The full set of records must be printed exactly as given.

*** Material supplied Section Begins ***

lemma commutator_mem_normal:
  assumes M: "M \<lhd> G" and x: "x \<in> M" and y: "y \<in> carrier G"
  shows "commutator G x y \<in> M"
proof -
  have Ms: "subgroup M G" using M by (rule normal_imp_subgroup)
  have xc: "x \<in> carrier G" using subgroup.mem_carrier[OF Ms x] .
  have "inv x \<otimes> (inv y \<otimes> x \<otimes> y) \<in> M"
    using normal.inv_op_closed1[OF M y x] x Ms by (simp add: subgroup.m_closed subgroup.m_inv_closed)
  then show ?thesis
    using xc y by (simp add: commutator_def m_assoc)
qed

lemma commutator_class_subset_iff:
  assumes M: "M \<lhd> G" and t: "t \<in> carrier G"
  shows "commutator_class G t \<subseteq> M \<longleftrightarrow> t \<in> central_mod G M"
proof -
  have inv_mem: "inv h \<in> M" if "h \<in> M" for h
    using subgroup.m_inv_closed[OF normal_imp_subgroup[OF M] that] .
  have "commutator G y t \<in> M \<longleftrightarrow> commutator G t y \<in> M" if y: "y \<in> carrier G" for y
    using inv_mem[of "commutator G y t"] inv_mem[of "commutator G t y"]
    by (auto simp: inv_commutator[OF y t] inv_commutator[OF t y])
  then show ?thesis
    using t unfolding commutator_class_def central_mod_def by blast
qed

lemma commutator_class_subset_normal:
  assumes M: "M \<lhd> G" and a: "a \<in> M"
  shows "commutator_class G a \<subseteq> M"
proof -
  have ac: "a \<in> carrier G" using subgroup.mem_carrier[OF normal_imp_subgroup[OF M] a] .
  have "a \<in> central_mod G M"
    using commutator_mem_normal[OF M a] ac unfolding central_mod_def by blast
  then show ?thesis using commutator_class_subset_iff[OF M ac] by blast
qed
(* Let $A\in\mathbb{R}^{n\times n}$ be nonsingular, $B\in\mathbb{R}^{n\times m}$, $N\geq1$ an integer, $\Omega=\{x\in\mathbb{R}^n: Hx\leq h\}$ bounded with $H\in\mathbb{R}^{n_h\times n}$, $X=\{y\in\mathbb{R}^n:Fy\leq f\}$ with $F\in\mathbb{R}^{n_f\times n}$, and $U=\{v\in\mathbb{R}^m: Gv\leq g\}$ bounded with $G\in\mathbb{R}^{n_g\times m}$; suppose $0\in\Omega$, $0\in X$, $0\in U$. Let $\bar G$, $\bar H$ be the matrices defined in the context, let $\hat g=(0,g,\dots,g,f,\dots,f)$ and $\tilde g=(h,0,\dots,0)$ (vectors of the same length as the number of rows of $\bar G$, partitioned like $\bar g$ in the context), let $\beta$ be the optimal value of the linear program $$\min_{\gamma\geq 0,\ T\geq 0,\ M}\ \gamma\quad\text{s.t.}\quad T\bar H=\bar G M,\quad Th\leq\gamma\hat g+\tilde g,\quad \begin{bmatrix}I&0&\cdots&0\end{bmatrix}=\begin{bmatrix}I&0&\cdots&0\end{bmatrix}M,$$ and let $\alpha=\beta^{-1}$. For $k\in\{1,\dots,N\}$ let $$\Omega_k^x=\Big\{x\in X:\ \exists\,u_1,\dots,u_k\in U \text{ with } A^kx+\sum_{i=0}^{k-1}A^{k-1-i}Bu_{k-i}\in\alpha\Omega,\ \ A^jx+\sum_{i=0}^{j-1}A^{j-1-i}Bu_{j-i}\in X\ \forall j\in\{1,\dots,k\}\Big\},$$ and $\bar\Omega^x=\mathrm{co}\big(\bigcup_{k=1}^N\Omega_k^x\big)$. Then $\bar\Omega^x$ equals the set of all $x\in\mathbb{R}^n$ for which there exist $z_1,\dots,z_N\in\mathbb{R}^n$, vectors $v_{k,i}\in\mathbb{R}^m$ ($k\in\{1,\dots,N\}$, $i\in\{1,\dots,k\}$) and $\lambda=(\lambda_1,\dots,\lambda_N)\in\mathbb{R}^N$ such that $x=\sum_{k=1}^N z_k$; $HA^kz_k+\sum_{i=0}^{k-1}HA^{k-1-i}Bv_{k,k-i}\leq\alpha\lambda_k h$ for all $k$; $FA^jz_k+\sum_{i=0}^{j-1}FA^{j-1-i}Bv_{k,j-i}\leq\lambda_k f$ for all $j\in\{1,\dots,k\}$ and all $k$; $Fz_k\leq\lambda_k f$ for all $k$; $Gv_{k,i}\leq\lambda_k g$ for all $i\in\{1,\dots,k\}$ and all $k$; $\lambda\geq0$ and $\sum_{k=1}^N\lambda_k=1$.
   Context: Vector inequalities are componentwise; $T\geq0$ means entrywise nonnegative; $\mathrm{co}$ denotes convex hull. With $\bar n=n+Nm$, column blocks of widths $n,m,\dots,m$ (state block, then input blocks $i=1,\dots,N$): $\bar H=[H\ 0\ \cdots\ 0]\in\mathbb{R}^{n_h\times\bar n}$, and $\bar G$ has the block rows: $[HA^N\ \ HB\ \ HAB\ \cdots\ HA^{N-1}B]$; then for $i=1,\dots,N$ a block row with $G$ in input block $i$ and zeros elsewhere; then for $j=N,N-1,\dots,1$ a block row with $FA^j$ in the state block and $FA^{i-1-(N-j)}B$ in input block $i$ if $i\geq N-j+1$, $0$ otherwise; then the block row $[F\ 0\ \cdots\ 0]$. The vector $\bar g$ partitions accordingly as $(h,g,\dots,g,f,\dots,f)$ with $g$ repeated $N$ times and $f$ repeated $N+1$ times; $\hat g$ and $\tilde g$ use this partition. The matrix $\begin{bmatrix}I&0&\cdots&0\end{bmatrix}\in\mathbb{R}^{n\times\bar n}$ with $I$ the $n\times n$ identity; $M\in\mathbb{R}^{\bar n\times\bar n}$ and $T$ has as many rows as $\bar G$ and $n_h$ columns. It is implicitly assumed that $\beta>0$ so that $\alpha$ is defined. *)

theory Defs
  imports "Jordan_Normal_Form.Matrix"
begin

definition vle :: "real vec \<Rightarrow> real vec \<Rightarrow> bool" where
  "vle u v \<longleftrightarrow> dim_vec u = dim_vec v \<and> (\<forall>i<dim_vec v. u $ i \<le> v $ i)"

definition mat_nonneg :: "real mat \<Rightarrow> bool" where
  "mat_nonneg T \<longleftrightarrow> (\<forall>i<dim_row T. \<forall>j<dim_col T. T $$ (i, j) \<ge> 0)"

definition vsum :: "nat \<Rightarrow> ('i \<Rightarrow> real vec) \<Rightarrow> 'i set \<Rightarrow> real vec" where
  "vsum n v I = vec n (\<lambda>r. \<Sum>i\<in>I. v i $ r)"

definition vbounded :: "real vec set \<Rightarrow> bool" where
  "vbounded S \<longleftrightarrow> (\<exists>R. \<forall>x\<in>S. \<forall>i<dim_vec x. \<bar>x $ i\<bar> \<le> R)"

*** Material supplied Section Ends ***

# [Exercise result]
lemma commutator_mem_normal:
  assumes M: "M \<lhd> G" and x: "x \<in> M" and y: "y \<in> carrier G"
  shows "commutator G x y \<in> M"
proof -
  have Ms: "subgroup M G" using M by (rule normal_imp_subgroup)
  have xc: "x \<in> carrier G" using subgroup.mem_carrier[OF Ms x] .
  have "inv x \<otimes> (inv y \<otimes> x \<otimes> y) \<in> M"
    using normal.inv_op_closed1[OF M y x] x Ms by (simp add: subgroup.m_closed subgroup.m_inv_closed)
  then show ?thesis
    using xc y by (simp add: commutator_def m_assoc)
qed

lemma commutator_class_subset_iff:
  assumes M: "M \<lhd> G" and t: "t \<in> carrier G"
  shows "commutator_class G t \<subseteq> M \<longleftrightarrow> t \<in> central_mod G M"
proof -
  have inv_mem: "inv h \<in> M" if "h \<in> M" for h
    using subgroup.m_inv_closed[OF normal_imp_subgroup[OF M] that] .
  have "commutator G y t \<in> M \<longleftrightarrow> commutator G t y \<in> M" if y: "y \<in> carrier G" for y
    using inv_mem[of "commutator G y t"] inv_mem[of "commutator G t y"]
    by (auto simp: inv_commutator[OF y t] inv_commutator[OF t y])
  then show ?thesis
    using t unfolding commutator_class_def central_mod_def by blast
qed

lemma commutator_class_subset_normal:
  assumes M: "M \<lhd> G" and a: "a \<in> M"
  shows "commutator_class G a \<subseteq> M"
proof -
  have ac: "a \<in> carrier G" using subgroup.mem_carrier[OF normal_imp_subgroup[OF M] a] .
  have "a \<in> central_mod G M"
    using commutator_mem_normal[OF M a] ac unfolding central_mod_def by blast
  then show ?thesis using commutator_class_subset_iff[OF M ac] by blast
qed
(* Let $A\in\mathbb{R}^{n\times n}$ be nonsingular, $B\in\mathbb{R}^{n\times m}$, $N\geq1$ an integer, $\Omega=\{x\in\mathbb{R}^n: Hx\leq h\}$ bounded with $H\in\mathbb{R}^{n_h\times n}$, $X=\{y\in\mathbb{R}^n:Fy\leq f\}$ with $F\in\mathbb{R}^{n_f\times n}$, and $U=\{v\in\mathbb{R}^m: Gv\leq g\}$ bounded with $G\in\mathbb{R}^{n_g\times m}$; suppose $0\in\Omega$, $0\in X$, $0\in U$. Let $\bar G$, $\bar H$ be the matrices defined in the context, let $\hat g=(0,g,\dots,g,f,\dots,f)$ and $\tilde g=(h,0,\dots,0)$ (vectors of the same length as the number of rows of $\bar G$, partitioned like $\bar g$ in the context), let $\beta$ be the optimal value of the linear program $$\min_{\gamma\geq 0,\ T\geq 0,\ M}\ \gamma\quad\text{s.t.}\quad T\bar H=\bar G M,\quad Th\leq\gamma\hat g+\tilde g,\quad \begin{bmatrix}I&0&\cdots&0\end{bmatrix}=\begin{bmatrix}I&0&\cdots&0\end{bmatrix}M,$$ and let $\alpha=\beta^{-1}$. For $k\in\{1,\dots,N\}$ let $$\Omega_k^x=\Big\{x\in X:\ \exists\,u_1,\dots,u_k\in U \text{ with } A^kx+\sum_{i=0}^{k-1}A^{k-1-i}Bu_{k-i}\in\alpha\Omega,\ \ A^jx+\sum_{i=0}^{j-1}A^{j-1-i}Bu_{j-i}\in X\ \forall j\in\{1,\dots,k\}\Big\},$$ and $\bar\Omega^x=\mathrm{co}\big(\bigcup_{k=1}^N\Omega_k^x\big)$. Then $\bar\Omega^x$ equals the set of all $x\in\mathbb{R}^n$ for which there exist $z_1,\dots,z_N\in\mathbb{R}^n$, vectors $v_{k,i}\in\mathbb{R}^m$ ($k\in\{1,\dots,N\}$, $i\in\{1,\dots,k\}$) and $\lambda=(\lambda_1,\dots,\lambda_N)\in\mathbb{R}^N$ such that $x=\sum_{k=1}^N z_k$; $HA^kz_k+\sum_{i=0}^{k-1}HA^{k-1-i}Bv_{k,k-i}\leq\alpha\lambda_k h$ for all $k$; $FA^jz_k+\sum_{i=0}^{j-1}FA^{j-1-i}Bv_{k,j-i}\leq\lambda_k f$ for all $j\in\{1,\dots,k\}$ and all $k$; $Fz_k\leq\lambda_k f$ for all $k$; $Gv_{k,i}\leq\lambda_k g$ for all $i\in\{1,\dots,k\}$ and all $k$; $\lambda\geq0$ and $\sum_{k=1}^N\lambda_k=1$.
   Context: Vector inequalities are componentwise; $T\geq0$ means entrywise nonnegative; $\mathrm{co}$ denotes convex hull. With $\bar n=n+Nm$, column blocks of widths $n,m,\dots,m$ (state block, then input blocks $i=1,\dots,N$): $\bar H=[H\ 0\ \cdots\ 0]\in\mathbb{R}^{n_h\times\bar n}$, and $\bar G$ has the block rows: $[HA^N\ \ HB\ \ HAB\ \cdots\ HA^{N-1}B]$; then for $i=1,\dots,N$ a block row with $G$ in input block $i$ and zeros elsewhere; then for $j=N,N-1,\dots,1$ a block row with $FA^j$ in the state block and $FA^{i-1-(N-j)}B$ in input block $i$ if $i\geq N-j+1$, $0$ otherwise; then the block row $[F\ 0\ \cdots\ 0]$. The vector $\bar g$ partitions accordingly as $(h,g,\dots,g,f,\dots,f)$ with $g$ repeated $N$ times and $f$ repeated $N+1$ times; $\hat g$ and $\tilde g$ use this partition. The matrix $\begin{bmatrix}I&0&\cdots&0\end{bmatrix}\in\mathbb{R}^{n\times\bar n}$ with $I$ the $n\times n$ identity; $M\in\mathbb{R}^{\bar n\times\bar n}$ and $T$ has as many rows as $\bar G$ and $n_h$ columns. It is implicitly assumed that $\beta>0$ so that $\alpha$ is defined. *)

theory Defs
  imports "Jordan_Normal_Form.Matrix"
begin

definition vle :: "real vec \<Rightarrow> real vec \<Rightarrow> bool" where
  "vle u v \<longleftrightarrow> dim_vec u = dim_vec v \<and> (\<forall>i<dim_vec v. u $ i \<le> v $ i)"

definition mat_nonneg :: "real mat \<Rightarrow> bool" where
  "mat_nonneg T \<longleftrightarrow> (\<forall>i<dim_row T. \<forall>j<dim_col T. T $$ (i, j) \<ge> 0)"

definition vsum :: "nat \<Rightarrow> ('i \<Rightarrow> real vec) \<Rightarrow> 'i set \<Rightarrow> real vec" where
  "vsum n v I = vec n (\<lambda>r. \<Sum>i\<in>I. v i $ r)"

definition vbounded :: "real vec set \<Rightarrow> bool" where
  "vbounded S \<longleftrightarrow> (\<exists>R. \<forall>x\<in>S. \<forall>i<dim_vec x. \<bar>x $ i\<bar> \<le> R)"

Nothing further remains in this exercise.